*** Data in this exercise Section Begins ***

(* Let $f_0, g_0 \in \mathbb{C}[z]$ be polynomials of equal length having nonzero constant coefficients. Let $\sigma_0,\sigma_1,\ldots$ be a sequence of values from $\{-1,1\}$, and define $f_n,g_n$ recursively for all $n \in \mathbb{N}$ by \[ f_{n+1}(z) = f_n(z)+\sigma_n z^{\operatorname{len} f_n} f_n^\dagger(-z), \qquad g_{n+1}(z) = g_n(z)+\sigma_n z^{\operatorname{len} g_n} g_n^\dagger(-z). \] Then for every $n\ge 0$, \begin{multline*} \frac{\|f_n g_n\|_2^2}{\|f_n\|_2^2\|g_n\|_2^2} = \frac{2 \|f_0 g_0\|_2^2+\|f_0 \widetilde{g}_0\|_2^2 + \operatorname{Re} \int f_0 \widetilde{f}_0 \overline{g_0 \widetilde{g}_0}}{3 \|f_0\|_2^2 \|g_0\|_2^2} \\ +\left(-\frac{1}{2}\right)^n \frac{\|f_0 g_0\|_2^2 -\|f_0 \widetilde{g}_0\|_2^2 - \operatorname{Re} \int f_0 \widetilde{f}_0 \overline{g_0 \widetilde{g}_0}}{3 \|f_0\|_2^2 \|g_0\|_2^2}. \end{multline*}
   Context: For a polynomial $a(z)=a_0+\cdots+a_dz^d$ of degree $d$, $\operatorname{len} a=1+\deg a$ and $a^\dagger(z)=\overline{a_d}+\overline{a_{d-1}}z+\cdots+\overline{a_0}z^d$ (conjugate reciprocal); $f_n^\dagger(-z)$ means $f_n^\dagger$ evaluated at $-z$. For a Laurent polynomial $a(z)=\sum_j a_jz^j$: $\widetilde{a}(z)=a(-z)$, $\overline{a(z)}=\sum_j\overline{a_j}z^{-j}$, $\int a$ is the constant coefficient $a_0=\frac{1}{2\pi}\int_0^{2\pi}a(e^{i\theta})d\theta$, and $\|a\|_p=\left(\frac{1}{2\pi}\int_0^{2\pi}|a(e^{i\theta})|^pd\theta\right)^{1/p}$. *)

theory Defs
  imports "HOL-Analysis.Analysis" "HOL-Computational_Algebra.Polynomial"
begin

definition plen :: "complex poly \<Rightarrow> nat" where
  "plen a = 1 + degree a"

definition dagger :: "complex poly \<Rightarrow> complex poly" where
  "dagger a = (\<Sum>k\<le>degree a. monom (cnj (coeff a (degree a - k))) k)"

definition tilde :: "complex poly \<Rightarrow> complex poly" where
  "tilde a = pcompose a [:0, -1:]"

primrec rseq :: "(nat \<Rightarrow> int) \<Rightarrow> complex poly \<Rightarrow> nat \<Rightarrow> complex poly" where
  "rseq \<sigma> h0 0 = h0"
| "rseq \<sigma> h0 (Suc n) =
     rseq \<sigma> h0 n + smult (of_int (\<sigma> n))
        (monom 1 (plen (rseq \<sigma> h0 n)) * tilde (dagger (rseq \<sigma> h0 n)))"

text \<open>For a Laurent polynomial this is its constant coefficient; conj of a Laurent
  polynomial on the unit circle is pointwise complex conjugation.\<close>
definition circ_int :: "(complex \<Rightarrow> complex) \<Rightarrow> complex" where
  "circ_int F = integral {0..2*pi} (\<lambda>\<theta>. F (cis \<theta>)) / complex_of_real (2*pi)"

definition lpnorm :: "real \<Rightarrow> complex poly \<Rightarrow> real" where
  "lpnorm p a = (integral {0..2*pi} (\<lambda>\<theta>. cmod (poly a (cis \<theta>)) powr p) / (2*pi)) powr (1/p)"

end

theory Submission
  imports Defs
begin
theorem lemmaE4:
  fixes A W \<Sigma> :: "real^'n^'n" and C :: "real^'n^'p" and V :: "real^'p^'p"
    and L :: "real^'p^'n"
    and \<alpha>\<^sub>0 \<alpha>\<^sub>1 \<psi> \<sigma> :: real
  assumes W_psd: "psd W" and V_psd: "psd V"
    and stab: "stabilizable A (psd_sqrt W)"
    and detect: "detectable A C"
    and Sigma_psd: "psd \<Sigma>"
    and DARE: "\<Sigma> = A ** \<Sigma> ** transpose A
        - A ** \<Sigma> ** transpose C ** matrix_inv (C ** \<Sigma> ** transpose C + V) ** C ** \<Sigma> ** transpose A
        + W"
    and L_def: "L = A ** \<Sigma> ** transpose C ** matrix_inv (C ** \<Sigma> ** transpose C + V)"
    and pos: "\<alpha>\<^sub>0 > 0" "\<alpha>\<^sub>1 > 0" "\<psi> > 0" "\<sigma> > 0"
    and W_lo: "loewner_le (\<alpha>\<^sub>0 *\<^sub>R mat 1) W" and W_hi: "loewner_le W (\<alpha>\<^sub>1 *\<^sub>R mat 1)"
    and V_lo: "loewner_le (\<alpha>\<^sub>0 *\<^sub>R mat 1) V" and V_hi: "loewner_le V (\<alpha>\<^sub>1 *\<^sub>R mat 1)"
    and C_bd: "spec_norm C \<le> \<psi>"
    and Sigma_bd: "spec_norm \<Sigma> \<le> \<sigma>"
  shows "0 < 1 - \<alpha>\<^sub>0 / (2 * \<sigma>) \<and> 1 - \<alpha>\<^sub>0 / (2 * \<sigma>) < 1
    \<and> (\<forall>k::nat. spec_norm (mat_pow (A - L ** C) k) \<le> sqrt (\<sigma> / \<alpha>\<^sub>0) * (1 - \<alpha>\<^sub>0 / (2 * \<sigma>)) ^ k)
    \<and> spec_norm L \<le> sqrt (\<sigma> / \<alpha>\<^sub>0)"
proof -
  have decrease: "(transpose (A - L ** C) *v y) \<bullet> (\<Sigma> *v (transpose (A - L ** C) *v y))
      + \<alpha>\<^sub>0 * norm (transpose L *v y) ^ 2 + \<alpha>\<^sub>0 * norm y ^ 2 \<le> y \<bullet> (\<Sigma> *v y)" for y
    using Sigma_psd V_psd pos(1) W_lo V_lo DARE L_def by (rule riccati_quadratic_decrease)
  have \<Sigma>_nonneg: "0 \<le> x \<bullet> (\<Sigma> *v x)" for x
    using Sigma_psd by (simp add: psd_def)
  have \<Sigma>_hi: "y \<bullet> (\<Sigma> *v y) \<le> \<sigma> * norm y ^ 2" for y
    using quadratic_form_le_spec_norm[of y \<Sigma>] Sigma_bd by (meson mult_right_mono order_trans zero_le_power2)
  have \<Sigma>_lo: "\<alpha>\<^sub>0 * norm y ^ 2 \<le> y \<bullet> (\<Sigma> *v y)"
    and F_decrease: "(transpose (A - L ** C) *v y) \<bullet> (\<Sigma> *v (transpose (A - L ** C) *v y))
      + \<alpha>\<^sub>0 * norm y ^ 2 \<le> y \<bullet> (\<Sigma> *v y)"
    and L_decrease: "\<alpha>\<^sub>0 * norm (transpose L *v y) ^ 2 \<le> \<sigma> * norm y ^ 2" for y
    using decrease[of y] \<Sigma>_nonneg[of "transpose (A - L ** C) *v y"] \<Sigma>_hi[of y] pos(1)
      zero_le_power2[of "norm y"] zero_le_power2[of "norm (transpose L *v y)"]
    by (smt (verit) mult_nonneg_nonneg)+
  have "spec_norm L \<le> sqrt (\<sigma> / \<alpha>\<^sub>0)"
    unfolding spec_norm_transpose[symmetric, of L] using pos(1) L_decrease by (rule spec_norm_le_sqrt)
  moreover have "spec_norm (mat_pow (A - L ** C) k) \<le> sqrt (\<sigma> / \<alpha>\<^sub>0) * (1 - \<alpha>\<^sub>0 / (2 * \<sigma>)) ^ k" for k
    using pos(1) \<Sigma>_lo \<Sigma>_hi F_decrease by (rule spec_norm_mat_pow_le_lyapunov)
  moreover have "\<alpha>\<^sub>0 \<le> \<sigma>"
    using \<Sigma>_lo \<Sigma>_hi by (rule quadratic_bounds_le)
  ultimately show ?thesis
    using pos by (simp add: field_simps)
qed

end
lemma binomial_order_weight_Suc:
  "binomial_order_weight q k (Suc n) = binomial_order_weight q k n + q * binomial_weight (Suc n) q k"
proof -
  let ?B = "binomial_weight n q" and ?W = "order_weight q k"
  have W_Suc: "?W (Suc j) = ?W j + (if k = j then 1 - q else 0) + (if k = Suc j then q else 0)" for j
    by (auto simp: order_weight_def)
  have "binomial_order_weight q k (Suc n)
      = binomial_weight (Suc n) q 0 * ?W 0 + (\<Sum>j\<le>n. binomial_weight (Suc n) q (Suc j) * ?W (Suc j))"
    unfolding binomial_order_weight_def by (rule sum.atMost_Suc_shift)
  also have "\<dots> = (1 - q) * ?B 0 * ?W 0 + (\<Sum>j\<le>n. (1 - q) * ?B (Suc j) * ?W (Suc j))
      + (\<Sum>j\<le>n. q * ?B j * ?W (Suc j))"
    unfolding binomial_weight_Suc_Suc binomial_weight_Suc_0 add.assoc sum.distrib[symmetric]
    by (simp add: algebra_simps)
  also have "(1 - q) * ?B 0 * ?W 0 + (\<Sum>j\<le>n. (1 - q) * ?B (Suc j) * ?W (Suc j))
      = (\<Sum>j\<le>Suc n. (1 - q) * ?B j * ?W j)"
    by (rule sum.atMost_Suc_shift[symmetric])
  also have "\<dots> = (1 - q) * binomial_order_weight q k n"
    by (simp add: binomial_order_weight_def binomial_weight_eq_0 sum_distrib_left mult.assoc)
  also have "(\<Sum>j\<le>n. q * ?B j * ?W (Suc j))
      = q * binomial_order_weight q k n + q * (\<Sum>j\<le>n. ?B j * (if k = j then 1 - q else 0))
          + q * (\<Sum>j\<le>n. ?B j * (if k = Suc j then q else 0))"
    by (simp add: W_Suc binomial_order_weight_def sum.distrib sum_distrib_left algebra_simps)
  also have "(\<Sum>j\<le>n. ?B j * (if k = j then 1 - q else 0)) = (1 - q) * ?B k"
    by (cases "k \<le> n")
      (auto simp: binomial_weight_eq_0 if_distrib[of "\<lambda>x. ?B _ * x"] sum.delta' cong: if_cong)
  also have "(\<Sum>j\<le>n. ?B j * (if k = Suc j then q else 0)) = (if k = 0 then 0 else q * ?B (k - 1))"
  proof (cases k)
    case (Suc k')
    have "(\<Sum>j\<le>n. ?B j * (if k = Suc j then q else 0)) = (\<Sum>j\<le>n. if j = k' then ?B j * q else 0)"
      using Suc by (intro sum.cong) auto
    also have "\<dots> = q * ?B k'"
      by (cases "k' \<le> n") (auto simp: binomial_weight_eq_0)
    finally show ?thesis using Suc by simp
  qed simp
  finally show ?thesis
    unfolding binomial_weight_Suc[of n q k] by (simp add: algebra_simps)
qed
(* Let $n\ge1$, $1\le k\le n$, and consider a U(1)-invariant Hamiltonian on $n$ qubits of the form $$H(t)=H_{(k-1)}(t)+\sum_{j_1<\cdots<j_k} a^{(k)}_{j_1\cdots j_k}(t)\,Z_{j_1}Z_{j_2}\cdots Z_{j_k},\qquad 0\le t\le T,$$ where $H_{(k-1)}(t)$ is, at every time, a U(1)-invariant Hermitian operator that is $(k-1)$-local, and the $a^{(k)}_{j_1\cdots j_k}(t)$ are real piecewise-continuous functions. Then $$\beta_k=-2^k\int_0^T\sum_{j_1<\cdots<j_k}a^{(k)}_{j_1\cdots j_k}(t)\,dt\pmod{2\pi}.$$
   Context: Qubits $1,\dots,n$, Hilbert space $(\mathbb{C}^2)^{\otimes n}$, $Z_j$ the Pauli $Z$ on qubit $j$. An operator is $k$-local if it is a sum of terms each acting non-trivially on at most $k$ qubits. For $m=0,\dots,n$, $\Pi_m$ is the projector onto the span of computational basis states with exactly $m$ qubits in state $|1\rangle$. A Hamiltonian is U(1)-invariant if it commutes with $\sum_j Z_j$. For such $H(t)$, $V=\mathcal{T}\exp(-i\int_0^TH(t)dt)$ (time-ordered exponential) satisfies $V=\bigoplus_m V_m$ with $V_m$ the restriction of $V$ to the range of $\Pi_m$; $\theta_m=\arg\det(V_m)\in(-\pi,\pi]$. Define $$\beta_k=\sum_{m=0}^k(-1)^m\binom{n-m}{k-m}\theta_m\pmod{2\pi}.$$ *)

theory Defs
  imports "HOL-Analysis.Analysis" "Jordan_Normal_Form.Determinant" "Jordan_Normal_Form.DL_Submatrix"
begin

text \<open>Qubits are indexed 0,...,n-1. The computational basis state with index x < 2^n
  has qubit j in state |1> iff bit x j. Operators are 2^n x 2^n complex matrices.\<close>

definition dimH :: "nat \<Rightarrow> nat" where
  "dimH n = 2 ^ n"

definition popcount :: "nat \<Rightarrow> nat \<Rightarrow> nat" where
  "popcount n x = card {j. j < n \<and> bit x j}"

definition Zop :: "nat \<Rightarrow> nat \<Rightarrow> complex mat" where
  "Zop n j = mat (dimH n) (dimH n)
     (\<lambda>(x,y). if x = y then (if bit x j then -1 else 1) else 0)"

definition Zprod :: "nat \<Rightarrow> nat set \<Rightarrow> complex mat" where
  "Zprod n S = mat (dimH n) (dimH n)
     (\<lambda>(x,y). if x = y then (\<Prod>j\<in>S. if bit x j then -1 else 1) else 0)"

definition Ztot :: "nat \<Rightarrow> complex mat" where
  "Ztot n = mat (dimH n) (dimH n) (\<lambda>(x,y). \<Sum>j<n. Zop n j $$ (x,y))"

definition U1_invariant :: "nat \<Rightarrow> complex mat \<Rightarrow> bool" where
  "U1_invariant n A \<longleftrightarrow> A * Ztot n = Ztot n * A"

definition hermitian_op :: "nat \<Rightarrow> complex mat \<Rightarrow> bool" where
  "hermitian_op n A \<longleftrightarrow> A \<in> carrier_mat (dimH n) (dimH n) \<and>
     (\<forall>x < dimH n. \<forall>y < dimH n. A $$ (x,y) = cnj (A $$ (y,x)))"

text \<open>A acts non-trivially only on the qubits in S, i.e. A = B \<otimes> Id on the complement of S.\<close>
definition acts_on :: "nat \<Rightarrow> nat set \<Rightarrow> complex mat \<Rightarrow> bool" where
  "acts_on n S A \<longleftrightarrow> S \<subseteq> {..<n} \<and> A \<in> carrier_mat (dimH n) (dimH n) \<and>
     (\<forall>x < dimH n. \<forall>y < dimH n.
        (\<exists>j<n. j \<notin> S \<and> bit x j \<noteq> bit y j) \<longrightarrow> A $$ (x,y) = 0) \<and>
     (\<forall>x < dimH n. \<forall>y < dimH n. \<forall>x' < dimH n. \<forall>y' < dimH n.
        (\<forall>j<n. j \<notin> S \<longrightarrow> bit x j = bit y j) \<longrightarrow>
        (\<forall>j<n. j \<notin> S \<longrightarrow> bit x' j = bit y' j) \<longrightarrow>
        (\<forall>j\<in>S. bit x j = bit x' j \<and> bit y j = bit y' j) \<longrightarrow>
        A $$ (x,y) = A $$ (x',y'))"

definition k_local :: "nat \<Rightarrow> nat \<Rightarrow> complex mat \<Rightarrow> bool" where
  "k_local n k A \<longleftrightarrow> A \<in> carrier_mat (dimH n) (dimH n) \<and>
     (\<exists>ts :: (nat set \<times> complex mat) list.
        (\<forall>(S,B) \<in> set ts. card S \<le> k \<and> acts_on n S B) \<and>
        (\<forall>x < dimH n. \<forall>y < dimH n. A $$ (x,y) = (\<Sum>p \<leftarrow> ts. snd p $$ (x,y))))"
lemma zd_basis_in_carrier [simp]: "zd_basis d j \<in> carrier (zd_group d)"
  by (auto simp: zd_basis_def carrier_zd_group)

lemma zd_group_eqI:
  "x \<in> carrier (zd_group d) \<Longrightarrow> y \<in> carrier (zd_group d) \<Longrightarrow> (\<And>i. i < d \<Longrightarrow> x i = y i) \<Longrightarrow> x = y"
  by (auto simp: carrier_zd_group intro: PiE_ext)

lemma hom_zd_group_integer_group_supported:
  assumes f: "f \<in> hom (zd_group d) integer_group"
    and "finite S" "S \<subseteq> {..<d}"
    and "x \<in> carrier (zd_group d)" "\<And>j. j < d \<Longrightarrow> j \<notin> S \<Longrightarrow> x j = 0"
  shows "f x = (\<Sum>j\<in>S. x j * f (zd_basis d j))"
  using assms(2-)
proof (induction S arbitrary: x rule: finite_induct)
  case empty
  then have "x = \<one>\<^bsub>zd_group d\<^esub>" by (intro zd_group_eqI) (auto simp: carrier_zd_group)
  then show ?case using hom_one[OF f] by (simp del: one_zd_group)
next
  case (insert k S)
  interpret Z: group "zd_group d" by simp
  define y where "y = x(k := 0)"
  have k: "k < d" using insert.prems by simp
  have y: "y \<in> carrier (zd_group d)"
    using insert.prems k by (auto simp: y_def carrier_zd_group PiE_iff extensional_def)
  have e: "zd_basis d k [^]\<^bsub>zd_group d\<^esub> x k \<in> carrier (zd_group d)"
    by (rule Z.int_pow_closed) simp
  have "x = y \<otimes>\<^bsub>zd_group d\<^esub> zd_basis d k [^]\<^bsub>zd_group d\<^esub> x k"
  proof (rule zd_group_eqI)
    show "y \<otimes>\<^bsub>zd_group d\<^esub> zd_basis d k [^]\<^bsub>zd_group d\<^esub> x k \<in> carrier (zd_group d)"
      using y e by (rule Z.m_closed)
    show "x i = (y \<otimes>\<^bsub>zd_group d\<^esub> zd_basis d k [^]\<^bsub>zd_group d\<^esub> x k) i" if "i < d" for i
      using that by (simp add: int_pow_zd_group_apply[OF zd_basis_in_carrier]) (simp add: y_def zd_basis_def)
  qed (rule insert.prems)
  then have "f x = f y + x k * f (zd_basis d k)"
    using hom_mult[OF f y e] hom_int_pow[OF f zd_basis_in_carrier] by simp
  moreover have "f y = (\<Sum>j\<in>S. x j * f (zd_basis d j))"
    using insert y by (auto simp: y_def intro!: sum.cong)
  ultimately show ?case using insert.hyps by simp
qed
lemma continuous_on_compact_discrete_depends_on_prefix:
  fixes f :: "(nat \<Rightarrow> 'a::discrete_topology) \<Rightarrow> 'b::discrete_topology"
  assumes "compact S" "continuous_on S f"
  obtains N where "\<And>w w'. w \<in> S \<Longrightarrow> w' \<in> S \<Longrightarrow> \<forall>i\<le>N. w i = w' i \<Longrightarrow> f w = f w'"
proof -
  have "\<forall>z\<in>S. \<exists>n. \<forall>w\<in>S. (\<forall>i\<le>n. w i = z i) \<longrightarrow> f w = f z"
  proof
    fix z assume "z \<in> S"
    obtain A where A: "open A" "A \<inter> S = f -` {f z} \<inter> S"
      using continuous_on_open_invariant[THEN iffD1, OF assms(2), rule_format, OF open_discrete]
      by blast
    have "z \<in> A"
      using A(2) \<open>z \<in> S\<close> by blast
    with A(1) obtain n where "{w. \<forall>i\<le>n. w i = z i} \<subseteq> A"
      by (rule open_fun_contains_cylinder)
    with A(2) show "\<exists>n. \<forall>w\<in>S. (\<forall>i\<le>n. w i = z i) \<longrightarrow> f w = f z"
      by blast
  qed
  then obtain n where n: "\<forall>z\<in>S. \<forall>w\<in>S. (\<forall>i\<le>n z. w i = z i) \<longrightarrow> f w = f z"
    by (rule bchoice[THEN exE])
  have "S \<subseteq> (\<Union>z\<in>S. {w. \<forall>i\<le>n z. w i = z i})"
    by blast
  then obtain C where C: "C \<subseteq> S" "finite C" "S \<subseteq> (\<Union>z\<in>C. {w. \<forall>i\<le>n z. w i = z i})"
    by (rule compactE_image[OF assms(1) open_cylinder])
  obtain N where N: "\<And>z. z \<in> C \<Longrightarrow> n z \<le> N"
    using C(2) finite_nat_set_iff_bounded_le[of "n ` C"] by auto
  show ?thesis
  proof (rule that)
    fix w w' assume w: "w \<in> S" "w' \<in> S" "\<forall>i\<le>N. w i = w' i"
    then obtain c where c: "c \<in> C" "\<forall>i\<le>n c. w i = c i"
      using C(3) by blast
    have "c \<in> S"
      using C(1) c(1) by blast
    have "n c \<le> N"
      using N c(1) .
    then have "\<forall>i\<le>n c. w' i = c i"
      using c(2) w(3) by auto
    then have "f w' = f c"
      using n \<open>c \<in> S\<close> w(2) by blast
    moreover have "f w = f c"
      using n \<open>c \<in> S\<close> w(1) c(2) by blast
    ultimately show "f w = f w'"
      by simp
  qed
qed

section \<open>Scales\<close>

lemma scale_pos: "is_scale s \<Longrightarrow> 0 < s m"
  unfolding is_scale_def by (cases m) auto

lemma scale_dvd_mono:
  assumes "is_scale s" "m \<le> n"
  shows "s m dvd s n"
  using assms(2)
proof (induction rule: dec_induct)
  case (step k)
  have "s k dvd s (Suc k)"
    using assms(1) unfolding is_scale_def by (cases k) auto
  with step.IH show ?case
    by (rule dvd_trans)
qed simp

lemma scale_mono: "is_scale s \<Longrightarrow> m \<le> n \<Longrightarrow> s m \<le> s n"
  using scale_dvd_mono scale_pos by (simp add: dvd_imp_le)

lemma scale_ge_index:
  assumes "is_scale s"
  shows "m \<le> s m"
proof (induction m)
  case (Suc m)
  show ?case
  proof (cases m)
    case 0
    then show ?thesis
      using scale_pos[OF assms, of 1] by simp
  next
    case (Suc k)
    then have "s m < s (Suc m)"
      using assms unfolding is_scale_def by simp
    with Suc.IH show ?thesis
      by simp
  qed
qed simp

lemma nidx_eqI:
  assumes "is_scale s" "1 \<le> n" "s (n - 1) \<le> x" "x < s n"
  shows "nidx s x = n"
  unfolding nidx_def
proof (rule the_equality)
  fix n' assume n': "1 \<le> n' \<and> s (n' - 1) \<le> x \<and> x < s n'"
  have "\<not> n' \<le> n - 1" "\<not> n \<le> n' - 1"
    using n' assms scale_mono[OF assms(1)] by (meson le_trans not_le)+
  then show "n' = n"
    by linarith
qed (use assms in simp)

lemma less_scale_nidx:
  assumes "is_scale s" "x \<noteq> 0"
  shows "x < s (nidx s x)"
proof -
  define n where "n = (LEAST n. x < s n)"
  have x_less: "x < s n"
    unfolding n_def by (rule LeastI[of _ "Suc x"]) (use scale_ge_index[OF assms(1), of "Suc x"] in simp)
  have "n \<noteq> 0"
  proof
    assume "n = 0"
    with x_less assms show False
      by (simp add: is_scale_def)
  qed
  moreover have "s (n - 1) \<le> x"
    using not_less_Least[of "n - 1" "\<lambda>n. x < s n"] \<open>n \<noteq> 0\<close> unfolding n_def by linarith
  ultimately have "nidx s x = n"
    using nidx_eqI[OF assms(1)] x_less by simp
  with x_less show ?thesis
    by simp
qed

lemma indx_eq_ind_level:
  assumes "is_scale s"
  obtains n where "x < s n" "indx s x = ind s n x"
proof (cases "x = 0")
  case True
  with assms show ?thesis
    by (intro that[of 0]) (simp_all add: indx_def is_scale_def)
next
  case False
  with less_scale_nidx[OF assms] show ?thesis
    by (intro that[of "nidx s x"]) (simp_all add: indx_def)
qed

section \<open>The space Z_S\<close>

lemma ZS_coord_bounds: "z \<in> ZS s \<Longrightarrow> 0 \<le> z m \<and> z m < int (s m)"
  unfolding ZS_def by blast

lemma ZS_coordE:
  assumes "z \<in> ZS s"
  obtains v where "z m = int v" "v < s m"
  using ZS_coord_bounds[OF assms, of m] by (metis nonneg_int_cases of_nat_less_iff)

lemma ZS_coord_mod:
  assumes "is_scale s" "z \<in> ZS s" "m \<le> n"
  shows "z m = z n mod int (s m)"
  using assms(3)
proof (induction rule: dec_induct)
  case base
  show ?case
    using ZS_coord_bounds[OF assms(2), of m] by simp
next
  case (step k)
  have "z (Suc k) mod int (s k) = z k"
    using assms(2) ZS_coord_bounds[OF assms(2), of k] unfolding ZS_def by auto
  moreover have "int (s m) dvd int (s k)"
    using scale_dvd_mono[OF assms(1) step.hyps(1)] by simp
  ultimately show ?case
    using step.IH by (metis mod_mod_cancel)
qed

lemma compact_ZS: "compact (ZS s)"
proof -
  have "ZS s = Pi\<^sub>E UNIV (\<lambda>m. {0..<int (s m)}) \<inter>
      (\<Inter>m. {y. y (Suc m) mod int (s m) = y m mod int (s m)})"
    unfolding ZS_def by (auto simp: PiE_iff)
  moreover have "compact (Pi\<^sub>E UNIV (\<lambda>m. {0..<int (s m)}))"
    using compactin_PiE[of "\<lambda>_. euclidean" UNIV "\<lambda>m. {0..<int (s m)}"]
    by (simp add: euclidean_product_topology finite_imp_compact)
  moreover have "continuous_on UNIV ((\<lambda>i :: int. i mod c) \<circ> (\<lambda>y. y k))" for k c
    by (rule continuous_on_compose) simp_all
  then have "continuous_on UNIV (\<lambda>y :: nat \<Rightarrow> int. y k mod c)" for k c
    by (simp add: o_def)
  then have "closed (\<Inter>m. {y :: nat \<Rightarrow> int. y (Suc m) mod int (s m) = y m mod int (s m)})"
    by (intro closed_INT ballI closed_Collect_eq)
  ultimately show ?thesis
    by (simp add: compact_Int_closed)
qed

*** Data in this exercise Section Ends ***

*What to produce:* Leave out every line above except those from the line with "k A \<longleftrightarrow>" up to and including the line with "(x,y) = (\<Sum>p", and copy those exactly.

*Written solution:*
  "k_local n k A \<longleftrightarrow> A \<in> carrier_mat (dimH n) (dimH n) \<and>
     (\<exists>ts :: (nat set \<times> complex mat) list.
        (\<forall>(S,B) \<in> set ts. card S \<le> k \<and> acts_on n S B) \<and>
        (\<forall>x < dimH n. \<forall>y < dimH n. A $$ (x,y) = (\<Sum>p \<leftarrow> ts. snd p $$ (x,y))))"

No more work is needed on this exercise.